▸ **MATERIAL FOR THIS EXERCISE**:
theorem theorem3p5:
  fixes p :: "nat \<Rightarrow> 'a::real_vector \<Rightarrow> real" and \<Gamma> :: "real \<Rightarrow> 'a set"
  assumes "frechet_seminorms p"
    and "\<forall>t\<in>{0..1}. \<Gamma> t \<in> cb p"
  shows "(bochner_measurable_mf p \<Gamma> \<longleftrightarrow> totally_measurable_mf p \<Gamma>) \<and>
         (totally_measurable_mf p \<Gamma> \<longleftrightarrow> measurable_by_seminorm_mf p \<Gamma>)"
proof -
  have \<Gamma>: "nonempty_bounded p (\<Gamma> t)" if "t \<in> {0..1}" for t
    using assms(2) that by (simp add: cb_nonempty_bounded)
  have "totally_measurable_mf p \<Gamma> \<Longrightarrow> measurable_by_seminorm_mf p \<Gamma>"
    unfolding totally_measurable_mf_def measurable_by_seminorm_mf_def by blast
  then show ?thesis
    using bochner_measurable_iff_totally_measurable[of p \<Gamma>, OF assms(1) \<Gamma>]
      measurable_by_seminorm_imp_totally_measurable[of p \<Gamma>, OF assms(1) \<Gamma>] by blast
qed

end
(* Let $G$ be a prime $\{P_5,\overline{P_5}\}$-free graph and $v\in V(G)$. (1) If $v$ is antisimplicial and $u$ is a vertex non-adjacent to $v$ chosen so that $|N(u)\cap N(v)|$ is minimum among all vertices non-adjacent to $v$, then $u$ is simplicial. (2) If $v$ is simplicial and $u$ is a vertex adjacent to $v$ chosen so that $|N(u)\cup N(v)|$ is maximum among all neighbors of $v$, then $u$ is antisimplicial.
   Context: All graphs are finite and simple. $N(x)$ is the set of neighbors of $x$. $P_5$ is the path on five vertices and $\overline{P_5}$ its complement; $G$ is $H$-free if it has no induced subgraph isomorphic to $H$. A vertex $b\notin X$ is mixed on $X$ if it has both a neighbor and a non-neighbor in $X$. A homogeneous set is a set $X\subseteq V(G)$ with $1<|X|<|V(G)|$ such that no vertex outside $X$ is mixed on $X$. $G$ is prime if $|V(G)|\ge4$ and has no homogeneous set. A vertex $v$ is simplicial if $N(v)$ is a clique, antisimplicial if $V(G)\setminus N(v)$ is a stable set. *)

theory Defs
  imports Main
begin

definition graph :: "'a set \<Rightarrow> ('a \<Rightarrow> 'a \<Rightarrow> bool) \<Rightarrow> bool" where
  "graph V E \<longleftrightarrow> finite V \<and> (\<forall>x y. E x y \<longrightarrow> x \<in> V \<and> y \<in> V)
     \<and> (\<forall>x y. E x y \<longrightarrow> E y x) \<and> (\<forall>x. \<not> E x x)"

definition nbhd :: "'a set \<Rightarrow> ('a \<Rightarrow> 'a \<Rightarrow> bool) \<Rightarrow> 'a \<Rightarrow> 'a set" where
  "nbhd V E x = {y \<in> V. E x y}"

definition has_induced_P5 :: "'a set \<Rightarrow> ('a \<Rightarrow> 'a \<Rightarrow> bool) \<Rightarrow> bool" where
  "has_induced_P5 V E \<longleftrightarrow> (\<exists>a\<in>V. \<exists>b\<in>V. \<exists>c\<in>V. \<exists>d\<in>V. \<exists>e\<in>V.
     distinct [a, b, c, d, e] \<and>
     E a b \<and> E b c \<and> E c d \<and> E d e \<and>
     \<not> E a c \<and> \<not> E a d \<and> \<not> E a e \<and> \<not> E b d \<and> \<not> E b e \<and> \<not> E c e)"

definition has_induced_coP5 :: "'a set \<Rightarrow> ('a \<Rightarrow> 'a \<Rightarrow> bool) \<Rightarrow> bool" where
  "has_induced_coP5 V E \<longleftrightarrow> (\<exists>a\<in>V. \<exists>b\<in>V. \<exists>c\<in>V. \<exists>d\<in>V. \<exists>e\<in>V.
     distinct [a, b, c, d, e] \<and>
     \<not> E a b \<and> \<not> E b c \<and> \<not> E c d \<and> \<not> E d e \<and>
     E a c \<and> E a d \<and> E a e \<and> E b d \<and> E b e \<and> E c e)"

definition mixed :: "'a set \<Rightarrow> ('a \<Rightarrow> 'a \<Rightarrow> bool) \<Rightarrow> 'a \<Rightarrow> 'a set \<Rightarrow> bool" where
  "mixed V E b X \<longleftrightarrow> b \<notin> X \<and> (\<exists>x\<in>X. E b x) \<and> (\<exists>y\<in>X. \<not> E b y)"

definition homogeneous :: "'a set \<Rightarrow> ('a \<Rightarrow> 'a \<Rightarrow> bool) \<Rightarrow> 'a set \<Rightarrow> bool" where
  "homogeneous V E X \<longleftrightarrow> X \<subseteq> V \<and> 1 < card X \<and> card X < card V \<and>
     (\<forall>b\<in>V - X. \<not> mixed V E b X)"

definition prime_graph :: "'a set \<Rightarrow> ('a \<Rightarrow> 'a \<Rightarrow> bool) \<Rightarrow> bool" where
  "prime_graph V E \<longleftrightarrow> card V \<ge> 4 \<and> \<not> (\<exists>X. homogeneous V E X)"
lemma Ient_ge_legendre:
  fixes v u :: real assumes "\<bar>v\<bar> \<le> 1"
  shows "v * u - ln (cosh u) \<le> Ient v"
proof -
  define p where "p = (1 + v) / 2"
  define a where "a = exp u / (2 * cosh u)"
  have d: "2 * cosh u = exp u + exp (- u)" "exp u + exp (- u) > 0"
    by (simp_all add: cosh_field_def add_pos_pos)
  have "a > 0" "1 - a > 0" unfolding a_def d(1) using d(2) by (simp_all add: field_simps)
  moreover have "0 \<le> p" "0 \<le> 1 - p" using assms unfolding p_def by auto
  ultimately show ?thesis
    using ln_ratio_bounds(1)[of p a] ln_ratio_bounds(1)[of "1 - p" "1 - a"]
      Ient_legendre_gap_eq[OF assms, of u, folded p_def a_def] by linarith
qed

text \<open>Near-equality in the Legendre inequality, at the tilt u = artanh w; w must stay inside
  (-1, 1), which is why the tilt is computed from a point shrunk towards the origin.\<close>

lemma Ient_le_legendre_artanh:
  fixes v w :: real assumes "\<bar>v\<bar> \<le> 1" "\<bar>w\<bar> < 1"
  shows "Ient v \<le> v * artanh w - ln (cosh (artanh w)) + (v - w)^2 / (1 - w^2)"
proof -
  define p where "p = (1 + v) / 2"
  define a where "a = exp (artanh w) / (2 * cosh (artanh w))"
  have w: "1 + w > 0" "1 - w > 0" "1 - w^2 > 0"
    using assms(2) abs_square_less_1[of w] by auto
  have "exp (artanh w) + exp (- artanh w) > 0" by (simp add: add_pos_pos)
  then have "a = tanh (artanh w) / 2 + 1/2"
    unfolding a_def tanh_def cosh_field_def sinh_field_def by (simp add: field_simps)
  then have a: "a = (1 + w) / 2" using tanh_artanh[OF assms(2)] by simp
  have p: "0 \<le> p" "0 \<le> 1 - p" using assms unfolding p_def by auto
  have "p * (p - a) / a + (1 - p) * ((1 - p) - (1 - a)) / (1 - a) = (v - w)^2 / (1 - w^2)"
    unfolding a p_def using w by (simp add: field_simps power2_eq_square)
  then show ?thesis
    using ln_ratio_bounds(2)[OF p(1), of a] ln_ratio_bounds(2)[OF p(2), of "1 - a"] a w
      Ient_legendre_gap_eq[OF assms(1), of "artanh w", folded p_def a_def] by fastforce
qed

section \<open>Block magnetizations and Gibbs weights\<close>

definition spin_sum :: "nat set \<Rightarrow> (nat \<Rightarrow> real) \<Rightarrow> real" where
  "spin_sum T \<sigma> = (\<Sum>i\<in>T. \<sigma> i)"

definition interaction :: "real \<Rightarrow> real \<Rightarrow> real \<times> real \<Rightarrow> real" where
  "interaction \<alpha> \<beta> x = 1/2 * (1/4 * \<beta> * (fst x)^2 + 1/4 * \<beta> * (snd x)^2 + 1/2 * \<alpha> * fst x * snd x)"

lemma Gamma_fn_eq_interaction:
  "Gamma_fn \<alpha> \<beta> x = interaction \<alpha> \<beta> x - 1/2 * Ient (fst x) - 1/2 * Ient (snd x)"
  unfolding Gamma_fn_def interaction_def by simp

lemma admissibleD:
  assumes "admissible N S"
  shows "S \<subseteq> {1..N}" "card S = N div 2" "card ({1..N} - S) = N div 2"
    "real N = 2 * real (N div 2)"
proof -
  show S: "S \<subseteq> {1..N}" "card S = N div 2" using assms unfolding admissible_def by auto
  then show "card ({1..N} - S) = N div 2"
    using assms unfolding admissible_def by (subst card_Diff_subset) (auto intro: finite_subset)
  show "real N = 2 * real (N div 2)" using assms unfolding admissible_def by auto
qed

lemma finite_configs: "finite (configs N)"
  unfolding configs_def by (intro finite_PiE) auto

lemma magn_eq_spin_sum:
  "magn N S \<sigma> = (2 / real N * spin_sum S \<sigma>, 2 / real N * spin_sum ({1..N} - S) \<sigma>)"
  unfolding magn_def spin_sum_def by simp

lemma sum_same_block_split:
  assumes "finite A" "S \<subseteq> A"
  shows "(\<Sum>i\<in>A. \<Sum>j\<in>A. if same_block S i j then g i j else h i j) =
    (\<Sum>i\<in>S. \<Sum>j\<in>S. g i j) + (\<Sum>i\<in>S. \<Sum>j\<in>A - S. h i j) + (\<Sum>i\<in>A - S. \<Sum>j\<in>S. h i j)
    + (\<Sum>i\<in>A - S. \<Sum>j\<in>A - S. g i j)"
proof -
  have split: "sum f A = sum f S + sum f (A - S)" for f :: "nat \<Rightarrow> 'b::comm_monoid_add"
    using sum.subset_diff[OF assms(2,1)] by (simp add: add.commute)
  have "(\<Sum>i\<in>A. \<Sum>j\<in>A. if same_block S i j then g i j else h i j)
      = (\<Sum>i\<in>S. (\<Sum>j\<in>S. if same_block S i j then g i j else h i j)
                      + (\<Sum>j\<in>A - S. if same_block S i j then g i j else h i j))
      + (\<Sum>i\<in>A - S. (\<Sum>j\<in>S. if same_block S i j then g i j else h i j)
                      + (\<Sum>j\<in>A - S. if same_block S i j then g i j else h i j))"
    by (simp only: split)
  also have "\<dots> = (\<Sum>i\<in>S. (\<Sum>j\<in>S. g i j) + (\<Sum>j\<in>A - S. h i j))
      + (\<Sum>i\<in>A - S. (\<Sum>j\<in>S. h i j) + (\<Sum>j\<in>A - S. g i j))"
    by (intro arg_cong2[where f="(+)"] sum.cong refl) (auto simp: same_block_def)
  finally show ?thesis by (simp add: sum.distrib algebra_simps)
qed

lemma neg_hamiltonian_eq:
  assumes "S \<subseteq> {1..N}" "N > 0"
  shows "- hamiltonian N \<alpha> \<beta> S \<sigma> = real N * interaction \<alpha> \<beta> (magn N S \<sigma>)"
proof -
  let ?a = "spin_sum S \<sigma>" and ?b = "spin_sum ({1..N} - S) \<sigma>"
  have same: "(\<Sum>i\<in>{1..N}. \<Sum>j\<in>{1..N}. if same_block S i j then \<sigma> i * \<sigma> j else 0) = ?a^2 + ?b^2"
    using sum_same_block_split[OF _ assms(1), of "\<lambda>i j. \<sigma> i * \<sigma> j" "\<lambda>i j. 0"]
    by (simp add: spin_sum_def power2_eq_square sum_product)
  have other: "(\<Sum>i\<in>{1..N}. \<Sum>j\<in>{1..N}. if same_block S i j then 0 else \<sigma> i * \<sigma> j) = 2 * ?a * ?b"
    using sum_same_block_split[OF _ assms(1), of "\<lambda>i j. 0" "\<lambda>i j. \<sigma> i * \<sigma> j"]
      sum_product[of \<sigma> S \<sigma> "{1..N} - S"] sum_product[of \<sigma> "{1..N} - S" \<sigma> S]
    by (simp add: spin_sum_def mult.commute)
  show ?thesis
    unfolding hamiltonian_def same other magn_eq_spin_sum interaction_def using assms(2)
    by (simp add: field_simps power2_eq_square)
qed

lemma gibbs_weight_eq:
  assumes "S \<subseteq> {1..N}" "N > 0"
  shows "gibbs_weight N \<alpha> \<beta> S \<sigma> = exp (real N * interaction \<alpha> \<beta> (magn N S \<sigma>))"
  unfolding gibbs_weight_def neg_hamiltonian_eq[OF assms] ..

text \<open>Spins are independent under an external field that is constant on each block.\<close>

lemma sum_configs_exp_spin_sums:
  assumes "admissible N S"
  shows "(\<Sum>\<sigma>\<in>configs N. exp (u1 * spin_sum S \<sigma> + u2 * spin_sum ({1..N} - S) \<sigma>))
     = 2 ^ N * exp (real (N div 2) * (ln (cosh u1) + ln (cosh u2)))"
proof -
  let ?A = "{1..N}"
  define c where "c i = (if i \<in> S then u1 else u2)" for i
  have S: "S \<subseteq> ?A" using admissibleD[OF assms] by simp
  have lin: "u1 * spin_sum S \<sigma> + u2 * spin_sum (?A - S) \<sigma> = (\<Sum>i\<in>?A. c i * \<sigma> i)" for \<sigma>
  proof -
    have "(\<Sum>i\<in>?A. c i * \<sigma> i) = (\<Sum>i\<in>?A - S. c i * \<sigma> i) + (\<Sum>i\<in>S. c i * \<sigma> i)"
      by (rule sum.subset_diff[OF S]) simp
    also have "\<dots> = (\<Sum>i\<in>?A - S. u2 * \<sigma> i) + (\<Sum>i\<in>S. u1 * \<sigma> i)"
      by (intro arg_cong2[where f="(+)"] sum.cong) (auto simp: c_def)
    finally show ?thesis by (simp add: spin_sum_def sum_distrib_left)
  qed
  have "(\<Sum>\<sigma>\<in>configs N. exp (u1 * spin_sum S \<sigma> + u2 * spin_sum (?A - S) \<sigma>))
      = (\<Sum>\<sigma>\<in>PiE ?A (\<lambda>_. {-1, 1}). \<Prod>i\<in>?A. exp (c i * \<sigma> i))"
    unfolding configs_def lin by (simp add: exp_sum)
  also have "\<dots> = (\<Prod>i\<in>?A. \<Sum>y\<in>{-1,1}. exp (c i * y))"
    by (rule prod_sum_PiE[symmetric]) auto
  also have "\<dots> = (\<Prod>i\<in>?A. 2 * cosh (c i))"
    by (intro prod.cong) (simp_all add: cosh_field_def add.commute)
  also have "\<dots> = (\<Prod>i\<in>?A - S. 2 * cosh u2) * (\<Prod>i\<in>S. 2 * cosh u1)"
    unfolding prod.subset_diff[OF S finite_atLeastAtMost]
    by (intro arg_cong2[where f="(*)"] prod.cong) (auto simp: c_def)
  also have "\<dots> = (2 * cosh u1) ^ (N div 2) * (2 * cosh u2) ^ (N div 2)"
    using admissibleD[OF assms] by simp
  also have "\<dots> = 2 ^ N * exp (real (N div 2) * (ln (cosh u1) + ln (cosh u2)))"
    using admissibleD(4)[OF assms]
    by (simp add: power_mult_distrib exp_add exp_of_nat_mult distrib_left
        flip: power_add of_nat_add mult_2)
  finally show ?thesis .
qed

▸ **WHAT YOU WILL DO**:
Print only what lies in the material above starting at the line with "(?A - S) \<sigma>))" and ending at the line with "(\<Prod>i\<in>?A. 2 *", every line exactly as given.

▸ **WRITTEN RESPONSE**:
  have "(\<Sum>\<sigma>\<in>configs N. exp (u1 * spin_sum S \<sigma> + u2 * spin_sum (?A - S) \<sigma>))
      = (\<Sum>\<sigma>\<in>PiE ?A (\<lambda>_. {-1, 1}). \<Prod>i\<in>?A. exp (c i * \<sigma> i))"
    unfolding configs_def lin by (simp add: exp_sum)
  also have "\<dots> = (\<Prod>i\<in>?A. \<Sum>y\<in>{-1,1}. exp (c i * y))"
    by (rule prod_sum_PiE[symmetric]) auto
  also have "\<dots> = (\<Prod>i\<in>?A. 2 * cosh (c i))"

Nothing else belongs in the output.